__DIRECTIONS FOR THIS TASK__: Show every line in the entries below where the word "finally" appears.

[[ INPUT RECORDS open ]]

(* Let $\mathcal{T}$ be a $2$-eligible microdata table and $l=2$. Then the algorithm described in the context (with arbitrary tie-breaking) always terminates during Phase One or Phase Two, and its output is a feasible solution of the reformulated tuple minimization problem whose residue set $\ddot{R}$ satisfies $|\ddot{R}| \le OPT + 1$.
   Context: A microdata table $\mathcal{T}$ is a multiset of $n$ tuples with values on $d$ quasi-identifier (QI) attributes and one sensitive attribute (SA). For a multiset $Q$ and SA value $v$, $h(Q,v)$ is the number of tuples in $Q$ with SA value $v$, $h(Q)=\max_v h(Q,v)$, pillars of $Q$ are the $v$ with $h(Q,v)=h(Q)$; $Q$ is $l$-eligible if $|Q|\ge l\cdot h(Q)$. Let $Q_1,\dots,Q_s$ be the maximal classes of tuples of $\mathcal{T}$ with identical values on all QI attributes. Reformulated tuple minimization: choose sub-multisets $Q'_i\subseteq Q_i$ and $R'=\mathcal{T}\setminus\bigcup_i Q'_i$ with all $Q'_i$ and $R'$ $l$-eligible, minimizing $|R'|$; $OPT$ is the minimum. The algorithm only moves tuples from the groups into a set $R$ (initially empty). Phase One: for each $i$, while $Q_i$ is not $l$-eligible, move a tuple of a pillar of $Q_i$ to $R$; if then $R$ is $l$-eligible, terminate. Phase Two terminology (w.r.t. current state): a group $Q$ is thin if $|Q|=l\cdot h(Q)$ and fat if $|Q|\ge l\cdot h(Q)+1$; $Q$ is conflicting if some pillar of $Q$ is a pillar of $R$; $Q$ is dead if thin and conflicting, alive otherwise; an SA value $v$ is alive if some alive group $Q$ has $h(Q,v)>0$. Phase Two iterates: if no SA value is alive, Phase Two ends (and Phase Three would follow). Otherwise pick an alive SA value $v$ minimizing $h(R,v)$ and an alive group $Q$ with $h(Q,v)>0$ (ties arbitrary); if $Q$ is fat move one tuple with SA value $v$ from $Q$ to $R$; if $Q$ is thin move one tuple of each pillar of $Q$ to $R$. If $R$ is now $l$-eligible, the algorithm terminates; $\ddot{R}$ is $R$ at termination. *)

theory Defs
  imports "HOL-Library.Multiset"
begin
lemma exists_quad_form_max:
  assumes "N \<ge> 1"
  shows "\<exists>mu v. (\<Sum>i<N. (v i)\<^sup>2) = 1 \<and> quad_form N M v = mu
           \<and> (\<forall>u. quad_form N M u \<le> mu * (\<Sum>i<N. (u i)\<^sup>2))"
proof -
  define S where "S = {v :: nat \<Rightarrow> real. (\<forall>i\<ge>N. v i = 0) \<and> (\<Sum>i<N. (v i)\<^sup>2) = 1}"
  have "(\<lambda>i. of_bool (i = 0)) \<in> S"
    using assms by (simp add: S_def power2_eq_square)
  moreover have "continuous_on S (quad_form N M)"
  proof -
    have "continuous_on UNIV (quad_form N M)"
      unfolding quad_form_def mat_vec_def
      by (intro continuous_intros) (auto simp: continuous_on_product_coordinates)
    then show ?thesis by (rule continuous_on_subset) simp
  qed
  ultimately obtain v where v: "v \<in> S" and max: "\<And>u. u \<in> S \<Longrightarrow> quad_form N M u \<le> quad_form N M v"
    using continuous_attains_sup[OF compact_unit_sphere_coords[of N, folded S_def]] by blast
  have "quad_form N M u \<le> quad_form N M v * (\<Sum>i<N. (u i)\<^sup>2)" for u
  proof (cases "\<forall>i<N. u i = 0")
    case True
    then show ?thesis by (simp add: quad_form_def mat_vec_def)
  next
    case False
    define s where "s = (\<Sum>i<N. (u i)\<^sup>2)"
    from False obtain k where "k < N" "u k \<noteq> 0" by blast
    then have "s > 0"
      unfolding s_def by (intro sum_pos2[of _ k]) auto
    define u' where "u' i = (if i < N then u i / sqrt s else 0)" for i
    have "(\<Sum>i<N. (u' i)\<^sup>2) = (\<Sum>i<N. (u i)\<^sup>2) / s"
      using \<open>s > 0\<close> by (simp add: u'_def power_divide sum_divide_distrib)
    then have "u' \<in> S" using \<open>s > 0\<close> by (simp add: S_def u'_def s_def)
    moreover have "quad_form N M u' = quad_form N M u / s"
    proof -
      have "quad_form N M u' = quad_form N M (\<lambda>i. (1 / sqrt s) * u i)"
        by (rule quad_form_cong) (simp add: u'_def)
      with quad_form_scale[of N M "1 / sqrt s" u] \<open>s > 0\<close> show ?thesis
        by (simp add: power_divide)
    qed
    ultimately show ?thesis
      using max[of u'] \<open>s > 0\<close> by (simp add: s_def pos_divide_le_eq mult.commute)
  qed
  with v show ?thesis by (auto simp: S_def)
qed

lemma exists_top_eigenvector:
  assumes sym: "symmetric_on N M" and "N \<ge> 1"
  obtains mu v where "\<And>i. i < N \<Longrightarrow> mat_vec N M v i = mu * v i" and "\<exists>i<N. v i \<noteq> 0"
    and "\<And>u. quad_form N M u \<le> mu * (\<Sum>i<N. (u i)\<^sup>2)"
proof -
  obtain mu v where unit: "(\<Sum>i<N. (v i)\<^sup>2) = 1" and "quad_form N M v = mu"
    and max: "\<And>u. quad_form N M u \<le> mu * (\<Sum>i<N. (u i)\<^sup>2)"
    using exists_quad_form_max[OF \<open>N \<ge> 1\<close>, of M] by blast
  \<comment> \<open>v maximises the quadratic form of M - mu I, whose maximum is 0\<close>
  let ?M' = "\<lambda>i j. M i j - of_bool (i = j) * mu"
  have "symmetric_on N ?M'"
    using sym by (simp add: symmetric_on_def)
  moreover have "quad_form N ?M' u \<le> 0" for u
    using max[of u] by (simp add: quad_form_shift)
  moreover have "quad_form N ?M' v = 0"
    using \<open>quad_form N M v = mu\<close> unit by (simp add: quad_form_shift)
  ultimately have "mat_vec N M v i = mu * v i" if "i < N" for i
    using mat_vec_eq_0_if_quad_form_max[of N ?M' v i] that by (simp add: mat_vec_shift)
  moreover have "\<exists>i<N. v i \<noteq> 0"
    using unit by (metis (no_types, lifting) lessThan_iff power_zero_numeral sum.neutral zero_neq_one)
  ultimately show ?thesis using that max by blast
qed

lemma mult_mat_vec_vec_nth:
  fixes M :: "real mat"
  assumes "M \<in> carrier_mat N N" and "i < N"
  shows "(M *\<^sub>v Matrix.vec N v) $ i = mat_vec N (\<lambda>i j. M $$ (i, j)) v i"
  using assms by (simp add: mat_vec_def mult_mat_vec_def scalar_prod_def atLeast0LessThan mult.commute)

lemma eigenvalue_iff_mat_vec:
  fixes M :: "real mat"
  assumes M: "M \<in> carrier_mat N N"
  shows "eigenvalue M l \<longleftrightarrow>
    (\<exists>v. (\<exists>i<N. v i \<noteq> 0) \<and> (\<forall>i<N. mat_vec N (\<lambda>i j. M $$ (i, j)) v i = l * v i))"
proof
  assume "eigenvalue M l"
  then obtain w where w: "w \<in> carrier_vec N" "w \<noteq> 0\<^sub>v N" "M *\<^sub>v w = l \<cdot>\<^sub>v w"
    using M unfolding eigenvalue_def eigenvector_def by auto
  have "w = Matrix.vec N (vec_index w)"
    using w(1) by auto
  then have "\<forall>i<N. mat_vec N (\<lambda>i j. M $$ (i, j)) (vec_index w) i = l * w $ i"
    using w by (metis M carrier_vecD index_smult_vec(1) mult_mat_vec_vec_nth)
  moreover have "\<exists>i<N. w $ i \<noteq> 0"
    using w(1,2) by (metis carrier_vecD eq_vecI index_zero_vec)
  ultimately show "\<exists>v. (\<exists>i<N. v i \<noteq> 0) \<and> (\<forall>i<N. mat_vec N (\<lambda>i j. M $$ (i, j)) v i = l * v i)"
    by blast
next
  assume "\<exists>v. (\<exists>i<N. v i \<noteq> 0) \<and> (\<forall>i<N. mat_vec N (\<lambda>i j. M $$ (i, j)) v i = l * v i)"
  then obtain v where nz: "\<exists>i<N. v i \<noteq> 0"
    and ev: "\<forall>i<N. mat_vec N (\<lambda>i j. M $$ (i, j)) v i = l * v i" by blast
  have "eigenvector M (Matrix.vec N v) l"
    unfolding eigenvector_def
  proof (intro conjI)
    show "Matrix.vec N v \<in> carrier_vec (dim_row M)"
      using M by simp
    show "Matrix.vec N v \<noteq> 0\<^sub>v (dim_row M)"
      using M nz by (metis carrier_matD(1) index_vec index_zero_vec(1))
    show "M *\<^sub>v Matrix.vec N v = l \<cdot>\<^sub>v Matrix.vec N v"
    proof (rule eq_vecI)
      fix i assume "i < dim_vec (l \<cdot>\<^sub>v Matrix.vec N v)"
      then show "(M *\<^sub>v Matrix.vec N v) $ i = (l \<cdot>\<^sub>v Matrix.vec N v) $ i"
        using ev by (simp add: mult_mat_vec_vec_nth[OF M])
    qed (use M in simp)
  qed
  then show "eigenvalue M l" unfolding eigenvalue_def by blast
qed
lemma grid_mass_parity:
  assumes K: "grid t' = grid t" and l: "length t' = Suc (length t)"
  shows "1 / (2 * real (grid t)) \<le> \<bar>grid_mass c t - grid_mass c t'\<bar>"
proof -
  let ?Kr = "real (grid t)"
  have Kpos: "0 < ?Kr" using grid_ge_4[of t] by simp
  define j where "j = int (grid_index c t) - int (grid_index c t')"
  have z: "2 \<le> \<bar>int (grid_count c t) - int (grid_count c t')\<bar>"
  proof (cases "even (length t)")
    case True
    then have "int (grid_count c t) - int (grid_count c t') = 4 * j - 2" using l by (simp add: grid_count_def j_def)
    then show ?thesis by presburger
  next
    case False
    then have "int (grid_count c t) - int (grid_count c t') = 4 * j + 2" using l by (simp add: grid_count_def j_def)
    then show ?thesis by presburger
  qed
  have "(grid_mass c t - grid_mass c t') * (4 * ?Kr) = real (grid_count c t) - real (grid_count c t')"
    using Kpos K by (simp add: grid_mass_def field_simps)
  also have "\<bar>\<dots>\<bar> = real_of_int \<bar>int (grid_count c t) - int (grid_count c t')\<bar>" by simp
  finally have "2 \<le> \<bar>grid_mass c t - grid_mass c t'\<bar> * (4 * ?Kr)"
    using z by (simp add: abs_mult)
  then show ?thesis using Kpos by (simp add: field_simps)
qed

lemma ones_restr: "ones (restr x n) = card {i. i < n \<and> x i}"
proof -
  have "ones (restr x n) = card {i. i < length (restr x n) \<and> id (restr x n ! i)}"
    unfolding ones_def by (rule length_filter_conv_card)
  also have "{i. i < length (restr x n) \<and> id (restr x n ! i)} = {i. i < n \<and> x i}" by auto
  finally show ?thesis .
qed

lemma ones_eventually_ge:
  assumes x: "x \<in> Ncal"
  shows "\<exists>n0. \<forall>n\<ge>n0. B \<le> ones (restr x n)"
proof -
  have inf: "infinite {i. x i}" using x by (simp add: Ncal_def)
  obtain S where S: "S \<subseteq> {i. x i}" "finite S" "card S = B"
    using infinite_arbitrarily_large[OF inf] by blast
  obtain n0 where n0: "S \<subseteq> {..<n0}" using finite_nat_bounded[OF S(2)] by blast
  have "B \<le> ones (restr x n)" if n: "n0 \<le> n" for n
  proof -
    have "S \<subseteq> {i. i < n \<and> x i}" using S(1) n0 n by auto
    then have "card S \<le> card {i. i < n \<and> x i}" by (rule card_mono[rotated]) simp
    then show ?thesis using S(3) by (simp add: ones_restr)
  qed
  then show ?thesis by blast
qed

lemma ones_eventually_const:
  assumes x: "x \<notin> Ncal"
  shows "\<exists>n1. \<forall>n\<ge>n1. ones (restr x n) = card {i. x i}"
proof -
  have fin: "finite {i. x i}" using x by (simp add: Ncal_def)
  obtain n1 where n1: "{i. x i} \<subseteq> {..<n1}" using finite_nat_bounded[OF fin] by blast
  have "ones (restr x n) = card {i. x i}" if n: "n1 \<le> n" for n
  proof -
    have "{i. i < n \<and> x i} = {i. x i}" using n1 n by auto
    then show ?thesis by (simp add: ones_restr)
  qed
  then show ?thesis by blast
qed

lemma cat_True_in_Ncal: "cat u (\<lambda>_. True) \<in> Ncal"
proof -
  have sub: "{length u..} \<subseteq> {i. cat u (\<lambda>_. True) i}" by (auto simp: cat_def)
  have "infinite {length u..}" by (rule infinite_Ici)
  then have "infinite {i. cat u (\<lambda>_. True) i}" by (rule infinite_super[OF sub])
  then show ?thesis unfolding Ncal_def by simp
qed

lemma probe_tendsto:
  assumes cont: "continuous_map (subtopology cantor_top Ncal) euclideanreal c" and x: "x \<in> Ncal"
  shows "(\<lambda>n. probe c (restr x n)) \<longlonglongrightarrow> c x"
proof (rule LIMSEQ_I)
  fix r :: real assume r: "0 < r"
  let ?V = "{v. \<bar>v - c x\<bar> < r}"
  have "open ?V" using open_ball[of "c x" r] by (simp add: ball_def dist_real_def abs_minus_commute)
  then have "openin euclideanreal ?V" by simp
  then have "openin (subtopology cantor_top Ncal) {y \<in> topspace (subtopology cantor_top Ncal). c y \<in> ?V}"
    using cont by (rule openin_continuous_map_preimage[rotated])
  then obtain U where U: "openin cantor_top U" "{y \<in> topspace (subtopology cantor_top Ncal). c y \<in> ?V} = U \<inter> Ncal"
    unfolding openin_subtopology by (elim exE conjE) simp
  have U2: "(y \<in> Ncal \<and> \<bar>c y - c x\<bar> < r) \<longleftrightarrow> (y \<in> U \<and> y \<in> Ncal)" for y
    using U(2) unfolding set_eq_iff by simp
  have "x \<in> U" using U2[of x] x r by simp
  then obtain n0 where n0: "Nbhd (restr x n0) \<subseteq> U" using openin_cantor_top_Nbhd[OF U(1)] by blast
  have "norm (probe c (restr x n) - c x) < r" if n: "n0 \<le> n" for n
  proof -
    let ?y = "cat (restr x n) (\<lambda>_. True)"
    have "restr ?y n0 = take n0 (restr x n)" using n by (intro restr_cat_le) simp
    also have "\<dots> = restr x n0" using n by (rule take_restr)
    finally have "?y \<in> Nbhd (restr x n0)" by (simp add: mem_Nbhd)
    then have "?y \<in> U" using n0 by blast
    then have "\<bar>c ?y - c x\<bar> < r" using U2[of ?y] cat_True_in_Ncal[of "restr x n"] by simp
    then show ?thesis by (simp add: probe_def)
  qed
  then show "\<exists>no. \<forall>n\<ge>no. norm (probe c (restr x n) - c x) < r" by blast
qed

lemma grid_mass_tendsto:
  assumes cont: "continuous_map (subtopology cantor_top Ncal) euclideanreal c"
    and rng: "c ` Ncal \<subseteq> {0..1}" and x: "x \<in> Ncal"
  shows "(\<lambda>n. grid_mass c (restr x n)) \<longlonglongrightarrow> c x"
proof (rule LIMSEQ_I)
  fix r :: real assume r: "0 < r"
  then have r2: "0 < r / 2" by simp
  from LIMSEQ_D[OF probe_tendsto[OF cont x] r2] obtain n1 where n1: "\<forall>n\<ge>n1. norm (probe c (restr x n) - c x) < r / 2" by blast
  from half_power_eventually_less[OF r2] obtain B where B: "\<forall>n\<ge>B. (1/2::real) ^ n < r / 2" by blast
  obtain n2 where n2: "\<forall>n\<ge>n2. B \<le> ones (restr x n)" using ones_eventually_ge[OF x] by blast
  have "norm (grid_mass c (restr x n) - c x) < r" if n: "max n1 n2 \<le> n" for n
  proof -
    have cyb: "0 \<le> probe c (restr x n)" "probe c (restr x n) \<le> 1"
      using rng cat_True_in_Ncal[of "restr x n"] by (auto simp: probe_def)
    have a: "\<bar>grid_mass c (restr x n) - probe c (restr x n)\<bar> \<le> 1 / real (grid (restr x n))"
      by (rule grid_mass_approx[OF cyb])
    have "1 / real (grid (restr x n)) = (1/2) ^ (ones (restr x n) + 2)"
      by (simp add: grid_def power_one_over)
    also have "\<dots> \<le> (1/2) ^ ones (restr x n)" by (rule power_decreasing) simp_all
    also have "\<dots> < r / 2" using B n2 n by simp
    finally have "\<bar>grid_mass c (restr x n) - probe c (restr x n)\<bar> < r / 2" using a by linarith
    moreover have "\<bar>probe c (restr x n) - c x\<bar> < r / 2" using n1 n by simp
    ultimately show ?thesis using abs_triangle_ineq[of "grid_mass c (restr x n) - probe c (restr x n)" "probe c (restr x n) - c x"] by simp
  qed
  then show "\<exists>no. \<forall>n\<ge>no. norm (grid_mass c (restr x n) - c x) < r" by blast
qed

[[ INPUT RECORDS closed ]]

__WRITTEN RESPONSE__:
  finally have "2 \<le> \<bar>grid_mass c t - grid_mass c t'\<bar> * (4 * ?Kr)"
  finally show ?thesis .
    finally have "?y \<in> Nbhd (restr x n0)" by (simp add: mem_Nbhd)
    finally have "\<bar>grid_mass c (restr x n) - probe c (restr x n)\<bar> < r / 2" using a by linarith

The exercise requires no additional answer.